--- What to do ---
Filter the data for lines with the word "rising" and copy those lines.

-- Given records follows --

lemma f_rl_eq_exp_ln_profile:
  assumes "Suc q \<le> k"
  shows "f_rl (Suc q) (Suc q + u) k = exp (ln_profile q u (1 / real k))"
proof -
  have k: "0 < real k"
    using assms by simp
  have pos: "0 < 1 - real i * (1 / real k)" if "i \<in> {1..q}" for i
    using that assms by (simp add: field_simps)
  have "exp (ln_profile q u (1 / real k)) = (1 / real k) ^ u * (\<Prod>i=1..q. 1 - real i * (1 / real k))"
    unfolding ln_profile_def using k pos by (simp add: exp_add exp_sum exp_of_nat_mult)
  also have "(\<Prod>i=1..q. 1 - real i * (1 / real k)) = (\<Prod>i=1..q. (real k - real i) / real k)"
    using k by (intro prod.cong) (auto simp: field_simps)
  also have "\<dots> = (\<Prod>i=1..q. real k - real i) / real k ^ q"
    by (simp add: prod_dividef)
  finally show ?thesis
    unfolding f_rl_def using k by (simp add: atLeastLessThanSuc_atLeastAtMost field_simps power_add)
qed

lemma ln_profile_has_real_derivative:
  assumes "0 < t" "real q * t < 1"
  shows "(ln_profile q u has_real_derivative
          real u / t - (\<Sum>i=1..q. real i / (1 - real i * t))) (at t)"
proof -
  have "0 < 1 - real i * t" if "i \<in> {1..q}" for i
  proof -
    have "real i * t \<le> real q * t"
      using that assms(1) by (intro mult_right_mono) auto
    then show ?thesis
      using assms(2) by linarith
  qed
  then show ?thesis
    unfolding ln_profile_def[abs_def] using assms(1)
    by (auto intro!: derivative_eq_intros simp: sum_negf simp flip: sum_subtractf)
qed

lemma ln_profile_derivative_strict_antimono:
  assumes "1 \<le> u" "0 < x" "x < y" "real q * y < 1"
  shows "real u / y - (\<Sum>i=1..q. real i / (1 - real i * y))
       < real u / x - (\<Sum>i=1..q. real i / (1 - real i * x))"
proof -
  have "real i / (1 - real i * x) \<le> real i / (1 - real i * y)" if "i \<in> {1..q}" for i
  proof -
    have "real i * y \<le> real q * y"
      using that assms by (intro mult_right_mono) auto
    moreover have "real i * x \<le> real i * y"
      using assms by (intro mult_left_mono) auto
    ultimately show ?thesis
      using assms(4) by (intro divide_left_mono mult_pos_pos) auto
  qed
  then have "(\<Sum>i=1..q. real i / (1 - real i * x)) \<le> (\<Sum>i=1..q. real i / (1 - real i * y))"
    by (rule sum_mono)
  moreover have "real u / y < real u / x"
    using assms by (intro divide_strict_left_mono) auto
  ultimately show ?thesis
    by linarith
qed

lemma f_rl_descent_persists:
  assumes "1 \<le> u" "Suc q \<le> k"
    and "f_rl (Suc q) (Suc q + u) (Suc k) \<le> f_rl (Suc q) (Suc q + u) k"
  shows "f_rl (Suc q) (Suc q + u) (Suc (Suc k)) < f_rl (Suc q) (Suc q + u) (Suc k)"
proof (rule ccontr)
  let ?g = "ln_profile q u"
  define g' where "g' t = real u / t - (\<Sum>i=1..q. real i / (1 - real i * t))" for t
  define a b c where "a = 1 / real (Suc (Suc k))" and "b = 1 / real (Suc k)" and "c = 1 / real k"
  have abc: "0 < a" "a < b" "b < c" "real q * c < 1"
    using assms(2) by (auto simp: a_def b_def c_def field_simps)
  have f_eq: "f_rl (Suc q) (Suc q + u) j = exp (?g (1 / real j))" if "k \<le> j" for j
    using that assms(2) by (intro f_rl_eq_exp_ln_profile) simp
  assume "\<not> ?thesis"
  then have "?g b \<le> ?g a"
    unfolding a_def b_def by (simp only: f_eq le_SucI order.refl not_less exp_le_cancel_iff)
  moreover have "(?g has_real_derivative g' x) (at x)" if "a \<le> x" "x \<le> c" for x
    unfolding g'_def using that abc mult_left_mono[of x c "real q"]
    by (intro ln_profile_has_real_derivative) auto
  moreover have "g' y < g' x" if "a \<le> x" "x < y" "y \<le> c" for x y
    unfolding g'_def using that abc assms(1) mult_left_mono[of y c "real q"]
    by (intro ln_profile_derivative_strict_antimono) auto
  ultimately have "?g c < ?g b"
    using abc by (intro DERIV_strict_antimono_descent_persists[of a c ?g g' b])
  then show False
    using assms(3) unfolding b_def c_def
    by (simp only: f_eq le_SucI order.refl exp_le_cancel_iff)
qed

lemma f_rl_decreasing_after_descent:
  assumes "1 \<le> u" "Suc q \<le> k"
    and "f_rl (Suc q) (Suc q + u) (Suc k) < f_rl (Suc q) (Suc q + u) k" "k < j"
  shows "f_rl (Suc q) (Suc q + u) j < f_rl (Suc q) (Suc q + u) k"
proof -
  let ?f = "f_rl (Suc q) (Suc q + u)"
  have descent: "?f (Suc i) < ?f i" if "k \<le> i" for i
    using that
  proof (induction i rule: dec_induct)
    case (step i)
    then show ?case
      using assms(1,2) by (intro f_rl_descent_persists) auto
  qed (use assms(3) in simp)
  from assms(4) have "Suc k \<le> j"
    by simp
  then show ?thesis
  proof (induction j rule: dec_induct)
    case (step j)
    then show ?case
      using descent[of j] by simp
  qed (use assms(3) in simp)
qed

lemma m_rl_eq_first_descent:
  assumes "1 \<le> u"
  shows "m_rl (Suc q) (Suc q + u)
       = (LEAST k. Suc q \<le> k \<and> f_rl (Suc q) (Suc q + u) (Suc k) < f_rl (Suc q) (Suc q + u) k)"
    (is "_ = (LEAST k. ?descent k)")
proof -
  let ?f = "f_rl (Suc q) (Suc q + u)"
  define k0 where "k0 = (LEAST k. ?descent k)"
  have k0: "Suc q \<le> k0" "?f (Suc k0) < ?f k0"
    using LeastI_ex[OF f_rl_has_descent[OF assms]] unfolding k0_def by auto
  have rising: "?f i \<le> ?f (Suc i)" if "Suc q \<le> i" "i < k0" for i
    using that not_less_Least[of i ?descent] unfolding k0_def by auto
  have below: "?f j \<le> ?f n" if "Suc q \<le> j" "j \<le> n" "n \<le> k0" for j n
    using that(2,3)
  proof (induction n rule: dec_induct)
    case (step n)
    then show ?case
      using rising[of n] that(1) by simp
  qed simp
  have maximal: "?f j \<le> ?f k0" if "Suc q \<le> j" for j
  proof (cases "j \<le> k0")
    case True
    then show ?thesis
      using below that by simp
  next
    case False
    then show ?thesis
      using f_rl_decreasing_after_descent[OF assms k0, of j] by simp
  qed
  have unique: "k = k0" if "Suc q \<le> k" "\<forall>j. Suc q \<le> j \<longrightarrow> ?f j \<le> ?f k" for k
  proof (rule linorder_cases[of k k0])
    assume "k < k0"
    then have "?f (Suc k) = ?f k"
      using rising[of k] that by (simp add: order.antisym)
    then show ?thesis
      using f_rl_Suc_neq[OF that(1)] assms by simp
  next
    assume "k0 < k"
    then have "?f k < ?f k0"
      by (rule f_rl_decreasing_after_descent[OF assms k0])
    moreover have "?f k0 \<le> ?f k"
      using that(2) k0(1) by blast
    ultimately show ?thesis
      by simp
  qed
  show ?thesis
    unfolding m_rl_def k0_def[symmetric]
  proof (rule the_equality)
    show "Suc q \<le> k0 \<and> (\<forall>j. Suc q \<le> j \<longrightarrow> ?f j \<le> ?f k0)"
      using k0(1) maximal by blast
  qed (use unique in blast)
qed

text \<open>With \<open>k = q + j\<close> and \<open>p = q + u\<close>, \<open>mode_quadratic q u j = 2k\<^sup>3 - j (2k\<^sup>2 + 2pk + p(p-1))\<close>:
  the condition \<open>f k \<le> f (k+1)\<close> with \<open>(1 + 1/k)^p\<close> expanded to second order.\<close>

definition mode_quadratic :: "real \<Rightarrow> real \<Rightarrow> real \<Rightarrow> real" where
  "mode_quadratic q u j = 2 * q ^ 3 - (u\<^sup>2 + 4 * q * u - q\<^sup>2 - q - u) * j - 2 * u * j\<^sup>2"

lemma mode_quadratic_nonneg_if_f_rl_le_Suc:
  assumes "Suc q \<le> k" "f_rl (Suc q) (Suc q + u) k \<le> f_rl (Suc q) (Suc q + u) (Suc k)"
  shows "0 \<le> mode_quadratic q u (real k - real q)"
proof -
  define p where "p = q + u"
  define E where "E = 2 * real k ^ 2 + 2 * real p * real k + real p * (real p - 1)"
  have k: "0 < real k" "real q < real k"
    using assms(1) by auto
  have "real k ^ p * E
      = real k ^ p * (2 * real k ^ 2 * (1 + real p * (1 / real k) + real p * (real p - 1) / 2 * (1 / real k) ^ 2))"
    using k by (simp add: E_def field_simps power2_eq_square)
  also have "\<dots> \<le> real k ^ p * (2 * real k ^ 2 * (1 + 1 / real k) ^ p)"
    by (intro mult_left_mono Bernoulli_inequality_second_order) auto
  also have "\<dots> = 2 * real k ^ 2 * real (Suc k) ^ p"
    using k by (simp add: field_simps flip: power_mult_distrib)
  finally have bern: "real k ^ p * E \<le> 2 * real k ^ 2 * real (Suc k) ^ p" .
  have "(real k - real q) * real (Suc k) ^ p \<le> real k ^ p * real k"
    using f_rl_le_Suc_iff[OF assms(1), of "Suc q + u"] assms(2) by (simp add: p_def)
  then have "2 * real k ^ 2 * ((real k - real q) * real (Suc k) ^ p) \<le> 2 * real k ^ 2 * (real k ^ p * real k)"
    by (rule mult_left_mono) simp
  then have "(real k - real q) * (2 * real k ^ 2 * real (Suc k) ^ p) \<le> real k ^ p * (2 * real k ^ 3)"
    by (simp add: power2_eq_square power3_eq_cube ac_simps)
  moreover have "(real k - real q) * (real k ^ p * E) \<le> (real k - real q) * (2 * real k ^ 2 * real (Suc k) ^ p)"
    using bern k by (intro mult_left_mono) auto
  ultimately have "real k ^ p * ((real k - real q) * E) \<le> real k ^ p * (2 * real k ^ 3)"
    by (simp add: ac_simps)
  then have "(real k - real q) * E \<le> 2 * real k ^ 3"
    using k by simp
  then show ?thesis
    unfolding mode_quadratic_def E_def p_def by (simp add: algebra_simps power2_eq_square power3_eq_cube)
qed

-- Given records concluded --

--- Reply ---
  have rising: "?f i \<le> ?f (Suc i)" if "Suc q \<le> i" "i < k0" for i
      using rising[of n] that(1) by simp
      using rising[of k] that by (simp add: order.antisym)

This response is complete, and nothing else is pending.